I've been dealing with a lot of changes lately. Too many mini dramas around me. They are others' stories, but they touch mine whether I want them to or not, and I am working toward learning to ignore them when I can't do anything about them.

The big thing about these changes is that they seem to be opening up chances for growth.

I watch what is happening with my son, helpless to persuade him to embrace the joy of the coming months. He is so stressed out over the money issues that he is missing out on what is important. I wish I knew how to get through to him, make him see that the sacrifices will be worth it when he holds that tiny creature in his arms, so fragile, but so full of promise.

He keeps saying he wants his child to have what he didn't have. My fear is he will repeat his own father's mistake of not enjoying his child while it is small and needs only his time to be happy.

As for me, I want to be the best grandma I can be. To do that, I know, all I need to do is love it, and be there for it when it needs me. I had a wonderful grandma, a very good example of how to love unconditionally. I just hope I can do the job as well as she did.

I feel like years of walls I built up inside me are crumbling away. I always feared those walls falling away, afraid that the pain and darkness inside me was all there was to me. I was afraid that there was nothing behind it all, or worse, just more of the same.

Christmas started something that has shown me different.

As I finally let go of a few of the walls that I felt kept me safe from getting hurt, I am discovering that there is something deep inside me that I felt for a long time either didn't exist in me, or was squashed to death. I realize now that there is something good in me, strong, and special, just like everyone else.

I saw once what was attributed to a Native American proverb of sorts. There are two wolves inside us all, good and bad. The one that rules us is the one we feed.

I guess, keeping those walls in place has been feeding the wrong wolf.

I am feeling such a strong change coming inside me, something that I will not be able to contain once it is fully realized. Kind of scary, but also exciting.

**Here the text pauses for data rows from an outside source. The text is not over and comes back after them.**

lemma P_degradation_P_err_le:
  assumes "P_degradation n W (bsc_mix m q sig)" and "1 \<le> n" and "prob_vec m q"
    and "\<forall>i<m. 0 \<le> sig i \<and> sig i \<le> 1/2"
  shows "P_err W \<le> P_err (bsc_mix m q sig)"
proof -
  define s where "s = (\<Sum>i<m. q i * sig i)"
  have "0 \<le> s" unfolding s_def using assms(3,4) by (auto simp: prob_vec_def intro: sum_nonneg)
  have "s \<le> (\<Sum>i<m. q i * (1/2))" unfolding s_def
    using assms(3,4) by (intro sum_mono mult_left_mono) (auto simp: prob_vec_def)
  also have "\<dots> = 1/2" using assms(3) by (simp add: prob_vec_def flip: sum_divide_distrib)
  finally have "s \<le> 1/2" .
  have "in_B n (bsc s)" and "degraded (bsc s) (bsc_mix m q sig)"
    using in_B_bsc[OF assms(2) \<open>0 \<le> s\<close>] \<open>s \<le> 1/2\<close> bsc_degraded_bsc_mix assms(3)
    unfolding s_def prob_vec_def by auto
  then have "P_err W \<le> P_err (bsc s)"
    using assms(1) unfolding P_degradation_def by blast
  also have "\<dots> = P_err (bsc_mix m q sig)"
    using P_err_bsc[OF \<open>s \<le> 1/2\<close>] P_err_bsc_mix assms(3,4) unfolding s_def prob_vec_def by simp
  finally show ?thesis .
qed

lemma degraded_bsc_mix_crossover_lower_bound:
  assumes "degraded (bsc_mix n p eps) (bsc_mix m q sig)" and "is_bidmc (bsc_mix m q sig)"
    and "\<forall>i<m. 0 \<le> q i" and "\<forall>i<m. c \<le> sig i \<and> c \<le> 1 - sig i"
    and "j < n" and "0 < p j"
  shows "c \<le> eps j"
proof -
  let ?W = "bsc_mix n p eps"
  have "c * (?W 0 (2*j+1) + ?W 1 (2*j+1)) \<le> ?W 0 (2*j+1)"
    by (rule degraded_posterior_lower_bound[OF assms(1,2) bsc_mix_posterior_lower_bound[OF assms(3,4)]])
  then have "c * p j \<le> eps j * p j"
    using \<open>j < n\<close> unfolding bsc_mix_odd by (simp add: algebra_simps)
  then show ?thesis
    using \<open>0 < p j\<close> by simp
qed
(* Let $q$ be an odd prime power, $\omega$ a non-square in $\mathbb F_q$, $\epsilon\in\mathbb F_{q^2}$ with $\epsilon^2=\omega$, and write $z=z_1+\epsilon z_2$ ($z_i\in\mathbb F_q$) for $z\in\mathbb F_{q^2}$. Let $\mathcal C: aX^2+bXY+cXZ+dYZ+eZ^2=0$ be a non-singular conic of $\mathrm{PG}(2,q^2)$ with $b\ne0$ and $b_1d_2=b_2d_1$ (i.e. $d/b\in\mathbb F_q$), and assume $(b_1,d_1)\neq(0,0)$. Then the line of $\mathrm{PG}(2,q)$ with equation $b_1X+d_1Z=0$ is the tangent line to $\mathcal C$ at the point $(0:1:0)$; in particular it contains exactly $q$ points of $\mathrm{PG}(2,q)$ external to $\mathcal C$.
   Context: $\mathrm{PG}(2,q)$ is canonically embedded in $\mathrm{PG}(2,q^2)$. A point not on $\mathcal C$ is external if it lies on two tangent lines to $\mathcal C$. The condition $(b_1,d_1)\ne(0,0)$ is the implicit requirement that $b_1X+d_1Z=0$ define a line. *)

theory Defs
  imports Main "HOL-Computational_Algebra.Primes"
begin

type_synonym 'a vec3 = "'a \<times> 'a \<times> 'a"

definition proj_pt :: "'a::field vec3 \<Rightarrow> 'a vec3 set" where
  "proj_pt v = (case v of (x, y, z) \<Rightarrow> {(c * x, c * y, c * z) | c. c \<noteq> 0})"

text \<open>Points of PG(2,K) for a subfield K (given as a set) of the field 'a:
points having a representative with all coordinates in K.\<close>
definition PG2 :: "'a::field set \<Rightarrow> 'a vec3 set set" where
  "PG2 K = {proj_pt (x, y, z) | x y z. x \<in> K \<and> y \<in> K \<and> z \<in> K \<and> (x, y, z) \<noteq> (0, 0, 0)}"

definition line_of :: "'a::field vec3 \<Rightarrow> 'a vec3 set set" where
  "line_of l = (case l of (l1, l2, l3) \<Rightarrow>
     {proj_pt (x, y, z) | x y z. (x, y, z) \<noteq> (0, 0, 0) \<and> l1 * x + l2 * y + l3 * z = 0})"

definition conic_form :: "'a::field \<Rightarrow> 'a \<Rightarrow> 'a \<Rightarrow> 'a \<Rightarrow> 'a \<Rightarrow> 'a vec3 \<Rightarrow> 'a" where
  "conic_form a b c d e v = (case v of (x, y, z) \<Rightarrow>
     a * x^2 + b * x * y + c * x * z + d * y * z + e * z^2)"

I always feared that if I really embraced my worth, discovered that I was really the person so many people say I am, I would become this arrogant jerk, full of myself. I realize now that those who act that way are really struggling with their own dark wolf. I guess my knowing so much hurt in my life helps me not only to see it in others, but to work hard to not hurt others deliberately as I have been hurt in the past.

I think, in the end, knowing those feelings (betrayal, fear, anger, abandoned, unwanted) will help me to help others deal with them. I know something inside me is uncovering the person I want to be, the one I was meant to be all along.

Maybe I will have the chance to be the person,and grandma, I want to be. I hope so.